The one-sided bound used the 1.667th percentile of each paired-bootstrap distribution (alpha 0.05 / 3). All bounds exceed zero, so the frozen strict quality rule passed. The runtime ratios also exceeded their frozen thresholds: at least 10 against SciPy and scikit-image, and greater than 1 against PyTorch area. One individual patch favoured SciPy by about 0.0036 AUC; the claim is an aggregate paired result, not an every-patch win.

What can be claimed#

The defensible statement is:

For the tested twofold lateral coarsening of 18 held-out SELMA3D WGA microvessel patches, SplineOps cubic projection had higher mean vessel- ranking ROC AUC than the named SciPy, scikit-image, and PyTorch pipelines under a predeclared family-wise rule. On the recorded one-thread CPU run it was 12.49 times, 15.17 times, and 1.36 times faster, respectively.

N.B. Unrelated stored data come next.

(* Let $f \in L^2(0,L)$ and $\beta \in \mathbb{R}$. Let $u_0 \in V$ satisfy $a_0(u_0,v) = \int_0^L f v\,dx - \beta v(L)$ for all $v \in V$, and for $n = 1,2,\dots,m$ let $u_n \in V$ satisfy $$a_0(u_n,v) + \sum_{j=1}^{n} a_j(u_{n-j}, v) = 0 \quad \text{for all } v \in V.$$ Then for every $m \ge 1$, $$a_0(u_m, v) = (-1)^m a_m(u_0, v) \quad \text{for all } v \in V.$$
   Context: Let $L>0$ and let $\kappa:(0,L)\to\mathbb{R}$ be measurable with $0<\kappa_{\min}\le \kappa(x)\le \kappa_{\max}$ for a.e. $x$; set $\psi = \log \kappa \in L^\infty(0,L)$. $V = \{ v \in H^1(0,L) : v(0) = 0\}$. For integers $j \ge 0$ and $u,v \in V$, define $a_j(u,v) = \frac{1}{j!}\int_0^L \psi(x)^j\, u'(x)\, v'(x)\,dx$. *)

theory Defs
  imports "HOL-Analysis.Analysis"
begin

text \<open>g is a weak derivative (in L^2(0,L)) of v, with v(0)=0 built in:
  v is the (continuous) primitive v(x) = integral of g over [0,x] on [0,L].
  Such v are exactly the continuous representatives of elements of
  V = {v in H^1(0,L) : v(0) = 0}.\<close>
definition is_wderiv :: "real \<Rightarrow> (real \<Rightarrow> real) \<Rightarrow> (real \<Rightarrow> real) \<Rightarrow> bool" where
  "is_wderiv L v g \<longleftrightarrow>
     g \<in> borel_measurable lborel \<and>
     set_integrable lborel {0<..<L} (\<lambda>x. (g x)^2) \<and>
     (\<forall>x\<in>{0..L}. v x = (LBINT t=0..x. g t))"

definition inV :: "real \<Rightarrow> (real \<Rightarrow> real) \<Rightarrow> bool" where
  "inV L v \<longleftrightarrow> (\<exists>g. is_wderiv L v g)"
(* Let $c_k\in(0,1)$ and $l_k>0$ with $l_k\to0$, let $I_k$ be the open interval of length $l_k$ centered at $c_k$, and let $S=\bigcap_{m\ge1}\bigcup_{k\ge m}I_k$. If $S$ is re-distributable, then $\mathrm{Cap}(S)=\mathrm{Cap}([0,1])$.
   Context: Interaction: $I(\nu,\mu)=\iint(-\log|z-w|)\,d\nu(z)\,d\mu(w)$, energy $I(\mu)=I(\mu,\mu)$; capacity $\mathrm{Cap}(E)=\exp(-\inf I(\mu))$, infimum over Borel probability measures with compact support contained in $E$ ($e^{-\infty}=0$). $S$ is called re-distributable if: for every probability measure $\nu$ with piecewise continuous density supported on a finite collection of intervals in $[0,1]$, every $\varepsilon>0$ and every $m\in\mathbb{N}$, there is a probability measure $\nu'$ with piecewise continuous density such that (1) $I(\nu')<I(\nu)+\varepsilon$ and (2) $\nu'$ is supported on $\mathrm{supp}\,\nu\cap V_n$ for some $n\ge m$, where $V_n$ is a finite union of intervals $I_k$ with $k\ge n$. *)

theory Defs
  imports "HOL-Probability.Probability"
begin

definition measure_support :: "real measure \<Rightarrow> real set" where
  "measure_support M = {x. \<forall>e>0. emeasure M (ball x e) > 0}"

definition log_kernel_pos :: "real \<Rightarrow> real \<Rightarrow> ennreal" where
  "log_kernel_pos z w = (if z = w then \<infinity> else ennreal (max 0 (- ln \<bar>z - w\<bar>)))"

definition log_kernel_neg :: "real \<Rightarrow> real \<Rightarrow> ennreal" where
  "log_kernel_neg z w = (if z = w then 0 else ennreal (max 0 (ln \<bar>z - w\<bar>)))"

definition log_interaction :: "real measure \<Rightarrow> real measure \<Rightarrow> ereal" where
  "log_interaction \<nu> \<mu> =
     enn2ereal (\<integral>\<^sup>+ z. (\<integral>\<^sup>+ w. log_kernel_pos z w \<partial>\<mu>) \<partial>\<nu>)
   - enn2ereal (\<integral>\<^sup>+ z. (\<integral>\<^sup>+ w. log_kernel_neg z w \<partial>\<mu>) \<partial>\<nu>)"

definition log_energy :: "real measure \<Rightarrow> ereal" where
  "log_energy \<mu> = log_interaction \<mu> \<mu>"

definition admissible_measures :: "real set \<Rightarrow> real measure set" where
  "admissible_measures E = {\<mu>. prob_space \<mu> \<and> sets \<mu> = sets borel \<and>
       compact (measure_support \<mu>) \<and> measure_support \<mu> \<subseteq> E}"

definition log_capacity :: "real set \<Rightarrow> ereal" where
  "log_capacity E =
     (case (INF \<mu> \<in> admissible_measures E. log_energy \<mu>) of
        ereal r \<Rightarrow> ereal (exp (- r))
      | PInfty \<Rightarrow> 0
      | MInfty \<Rightarrow> PInfty)"

definition piecewise_continuous :: "(real \<Rightarrow> real) \<Rightarrow> bool" where
  "piecewise_continuous f \<longleftrightarrow> (\<exists>P. finite P \<and> continuous_on (- P) f \<and>
      (\<forall>p\<in>P. (\<exists>a. (f \<longlongrightarrow> a) (at_left p)) \<and> (\<exists>b. (f \<longlongrightarrow> b) (at_right p))))"

definition has_pc_density :: "real measure \<Rightarrow> bool" where
  "has_pc_density \<nu> \<longleftrightarrow> (\<exists>f. (\<forall>x. 0 \<le> f x) \<and> f \<in> borel_measurable borel \<and>
      piecewise_continuous f \<and> \<nu> = density lborel (\<lambda>x. ennreal (f x)))"

definition redistributable :: "(nat \<Rightarrow> real set) \<Rightarrow> bool" where
  "redistributable I \<longleftrightarrow>
    (\<forall>\<nu> \<epsilon> m. prob_space \<nu> \<and> has_pc_density \<nu> \<and>
        (\<exists>F. finite F \<and> (\<forall>A\<in>F. is_interval A \<and> A \<subseteq> {0..1}) \<and> measure_support \<nu> \<subseteq> \<Union>F)
        \<and> \<epsilon> > 0 \<and> m \<ge> 1 \<longrightarrow>
      (\<exists>\<nu>'. prob_space \<nu>' \<and> has_pc_density \<nu>' \<and>
          log_energy \<nu>' < log_energy \<nu> + ereal \<epsilon> \<and>
          (\<exists>n\<ge>m. \<exists>K. finite K \<and> K \<subseteq> {n..} \<and>
              measure_support \<nu>' \<subseteq> measure_support \<nu> \<inter> (\<Union>k\<in>K. I k))))"

end

theory Submission
  imports Defs
begin

text \<open>Since \<open>S \<subseteq> [0, 1]\<close> and the kernel \<open>-log|z - w|\<close> is nonnegative there, it suffices to
  approximate the energy of any admissible \<open>\<mu>\<close> on \<open>[0, 1]\<close> by measures supported on \<open>S\<close>.
  First \<open>\<mu>\<close> is replaced by a histogram on a fine uniform grid: its energy is the
  \<open>\<mu> \<otimes> \<mu>\<close>-integral of the kernel averaged over pairs of grid cells, and these averages are
  dominated by the kernel plus a constant and converge to it off the diagonal, so reverse Fatou
  applies. The histogram has a piecewise continuous density, so re-distributing it again and
  again with errors \<open>\<delta> / 2 ^ (j + 1)\<close> yields measures with nested supports, the \<open>j\<close>-th inside
  \<open>\<Union>k\<ge>j. I k\<close>. They live on \<open>[0, 1]\<close>, hence are tight; a weak limit point is supported in all
  of their supports, hence in \<open>S\<close>, and by Skorohod's theorem and Fatou's lemma its energy is at
  most the limit inferior of theirs.\<close>

section \<open>Supports of Borel measures on the line\<close>

lemma closed_measure_support:
  assumes "sets M = sets borel"
  shows "closed (measure_support M)"
  unfolding closed_def open_dist
proof safe
  fix x assume "x \<notin> measure_support M"
  then obtain e where e: "e > 0" "emeasure M (ball x e) = 0"
    unfolding measure_support_def by (auto simp: not_less)
  show "\<exists>d>0. \<forall>y. dist y x < d \<longrightarrow> y \<in> - measure_support M"
  proof (intro exI[of _ "e/2"] conjI allI impI)
    fix y assume "dist y x < e/2"
    then have "ball y (e/2) \<subseteq> ball x e"
      using dist_triangle_half_r[of y x e] by auto
    then have "emeasure M (ball y (e/2)) \<le> emeasure M (ball x e)"
      using assms by (intro emeasure_mono) auto
    then have "emeasure M (ball y (e/2)) = 0"
      using e by simp
    then show "y \<in> - measure_support M"
      using e unfolding measure_support_def by (auto intro!: exI[of _ "e/2"])
  qed (use e in auto)
qed

text \<open>The complement of the support is covered by countably many null balls with rational
  centres and radii.\<close>
lemma AE_in_measure_support:
  assumes sM: "sets M = sets borel"
  shows "AE x in M. x \<in> measure_support M"
proof -
  define Q where "Q = {(q, r). q \<in> \<rat> \<and> r \<in> \<rat> \<and> emeasure M (ball q r) = 0}"
  have "countable Q"
    by (rule countable_subset[of _ "\<rat> \<times> \<rat>"]) (auto simp: Q_def intro: countable_SIGMA countable_rat)
  then have null: "(\<Union>(q, r)\<in>Q. ball q r) \<in> null_sets M"
    by (rule null_sets_UN') (auto simp: Q_def null_sets_def sM)
  show ?thesis
  proof (rule AE_I'[OF null], safe)
    fix x assume "x \<notin> measure_support M"
    then obtain e where e: "e > 0" "emeasure M (ball x e) = 0"
      unfolding measure_support_def by (auto simp: not_less)
    obtain q where q: "q \<in> \<rat>" "x - e/3 < q" "q < x + e/3"
      using Rats_dense_in_real[of "x - e/3" "x + e/3"] e by auto
    obtain r where r: "r \<in> \<rat>" "e/3 < r" "r < 2*e/3"
      using Rats_dense_in_real[of "e/3" "2*e/3"] e by auto
    have "ball q r \<subseteq> ball x e"
      using q r by (auto simp: dist_real_def)
    then have "emeasure M (ball q r) \<le> emeasure M (ball x e)"
      using sM by (intro emeasure_mono) auto
    then have "emeasure M (ball q r) = 0"
      using e by simp
    then have "(q, r) \<in> Q" using q r by (simp add: Q_def)
    moreover have "x \<in> ball q r" using q r by (simp add: dist_real_def)
    ultimately show "x \<in> (\<Union>(q, r)\<in>Q. ball q r)" by blast
  qed
qed

lemma AE_measure_support_subset:
  assumes "sets M = sets borel" "measure_support M \<subseteq> A"
  shows "AE x in M. x \<in> A"
  using AE_in_measure_support[OF assms(1)] by eventually_elim (use assms(2) in auto)

lemma emeasure_eq_0_if_disjoint_measure_support:
  assumes sM: "sets M = sets borel" and "U \<in> sets borel" "U \<inter> measure_support M = {}"
  shows "emeasure M U = 0"
proof -
  have "AE x in M. x \<notin> U"
    using AE_in_measure_support[OF sM] by eventually_elim (use assms in auto)
  then show ?thesis
    using assms by (subst AE_iff_measurable[symmetric]) (auto simp: sets_eq_imp_space_eq)
qed

lemma measure_support_density_subset:
  assumes f: "f \<in> borel_measurable borel" and zero: "\<And>x. x \<notin> A \<Longrightarrow> f x = 0" and "closed A"
  shows "measure_support (density lborel f) \<subseteq> A"
proof
  fix x assume x: "x \<in> measure_support (density lborel f)"
  show "x \<in> A"
  proof (rule ccontr)
    assume "x \<notin> A"
    moreover have "open (- A)" using \<open>closed A\<close> by (simp add: open_Compl)
    ultimately obtain e where e: "e > 0" "ball x e \<subseteq> - A"
      using open_contains_ball by blast
    have "emeasure (density lborel f) (ball x e) = (\<integral>\<^sup>+y. f y * indicator (ball x e) y \<partial>lborel)"
      using f by (intro emeasure_density) auto
    also have "\<dots> = 0"
    proof (rule nn_integral_zero')
      have "f y * indicator (ball x e) y = 0" for y
        using e zero[of y] by (cases "y \<in> ball x e") auto
      then show "AE y in lborel. f y * indicator (ball x e) y = 0" by simp
    qed
    finally show False using x e unfolding measure_support_def by auto
  qed
qed

section \<open>The logarithmic kernel\<close>

lemma borel_measurable_log_kernel_pos[measurable]:
  "(\<lambda>p. log_kernel_pos (fst p) (snd p)) \<in> borel_measurable (borel \<Otimes>\<^sub>M borel)"
  unfolding log_kernel_pos_def by measurable

lemma measurable_log_kernel_pos_comp[measurable (raw)]:
  assumes [measurable]: "f \<in> borel_measurable M" "g \<in> borel_measurable M"
  shows "(\<lambda>x. log_kernel_pos (f x) (g x)) \<in> borel_measurable M"
  using measurable_comp[of "\<lambda>x. (f x, g x)" M "borel \<Otimes>\<^sub>M borel", OF _ borel_measurable_log_kernel_pos]
  by (simp add: comp_def)

lemma borel_measurable_log_kernel_pos_pair_measure:
  assumes "sets M = sets borel" "sets N = sets borel"
  shows "(\<lambda>p. log_kernel_pos (fst p) (snd p)) \<in> borel_measurable (M \<Otimes>\<^sub>M N)"
  using borel_measurable_log_kernel_pos
  by (subst measurable_cong_sets[OF sets_pair_measure_cong[OF assms] refl])

lemma log_kernel_neg_eq_0:
  assumes "\<bar>z - w\<bar> \<le> 1"
  shows "log_kernel_neg z w = 0"
  using assms by (simp add: log_kernel_neg_def max_def)
lemma gamma_at_le: "1 \<le> t \<Longrightarrow> t \<le> length d \<Longrightarrow> gamma_at d t \<le> d ! pos d t"
proof (induction "length d - t" arbitrary: t)
  case 0
  then have "t = length d" by simp
  then show ?case by simp
next
  case (Suc k)
  then have "gamma_at d (t + 1) \<le> d ! pos d (t + 1)" by auto
  moreover have "gamma_at d t + d ! pos d (t + 1) \<le> gamma_at d (t + 1) + d ! pos d t"
    using gamma_at_step_bounds(2)[of t d] Suc by simp
  ultimately show ?case by linarith
qed

lemma gamma_at_antimono:
  assumes "1 \<le> s" "s \<le> t" "t \<le> length d"
  shows "gamma_at d t \<le> gamma_at d s"
    and "d ! pos d t - gamma_at d t \<le> d ! pos d s - gamma_at d s"
    and "gamma_at d s = gamma_at d t \<Longrightarrow> pos d s \<le> pos d t"
proof -
  have "gamma_at d t \<le> gamma_at d s \<and> d ! pos d t - gamma_at d t \<le> d ! pos d s - gamma_at d s
      \<and> (gamma_at d s = gamma_at d t \<longrightarrow> pos d s \<le> pos d t)"
    using assms(2,3)
  proof (induction t rule: dec_induct)
    case (step t)
    then have t: "1 \<le> t" "t < length d" using assms(1) by simp_all
    note bounds = gamma_at_step_bounds[OF t]
    from step.IH t(2) have IH: "gamma_at d t \<le> gamma_at d s"
      "d ! pos d t - gamma_at d t \<le> d ! pos d s - gamma_at d s"
      "gamma_at d s = gamma_at d t \<Longrightarrow> pos d s \<le> pos d t"
      by simp_all
    have "gamma_at d t \<le> d ! pos d t" "gamma_at d (t + 1) \<le> d ! pos d (t + 1)"
      using gamma_at_le t by simp_all
    with bounds(1,2) IH(1,2)
    have "gamma_at d (t + 1) \<le> gamma_at d s"
      "d ! pos d (t + 1) - gamma_at d (t + 1) \<le> d ! pos d s - gamma_at d s"
      by linarith+
    moreover have "pos d s \<le> pos d (t + 1)" if "gamma_at d s = gamma_at d (t + 1)"
      using that bounds(1,3) IH(1,3) by fastforce
    ultimately show ?case by simp
  qed simp
  then show "gamma_at d t \<le> gamma_at d s"
    and "d ! pos d t - gamma_at d t \<le> d ! pos d s - gamma_at d s"
    and "gamma_at d s = gamma_at d t \<Longrightarrow> pos d s \<le> pos d t"
    by auto
qed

Do not shorten this to “SplineOps is the best image resizer” or “SplineOps segments vessels better.” The study tests preprocessing signal ranking, not a deployed segmenter. It covers one lateral 2x geometry, one channel, one CPU, and four alternatives. A different library, geometry, boundary condition, or downstream task may reverse the ranking.

The canonical reusable wording is maintained in Claims and evidence. The Interactive SELMA3D comparison provides an interactive view while keeping the frozen aggregate result separate from its post-study presentation patch.

Two additional limitations matter. The archive does not expose specimen IDs for the patches, so bootstrap units are patches rather than independent animals. The BioImage Archive page says CC BY 4.0, while the official SELMA3D data page says CC BY-NC. SplineOps follows the stricter CC BY-NC interpretation, cites both SELMA3D and VesSAP, and redistributes no source data.

Reproduce it#

python -m pip install -e '.[selma3d-study]'
python scripts/benchmark_selma3d_vessels.py \
    --output-dir benchmarks/selma3d-vessels

The runner downloads only the 18 confirmation images and masks from EMBL-EBI and verifies a pinned SHA-256 digest for every file. The benchmark script, raw JSON, patch-level scores, repeated timings, and comparison CSV are published. Timings are machine-specific.

The adjacent nuclei study is also retained in benchmarks/selma3d. Its quality rule passed but its predeclared 10-times speed rule failed. Keeping that negative decision visible prevents the vascular geometry from looking like the only case attempted.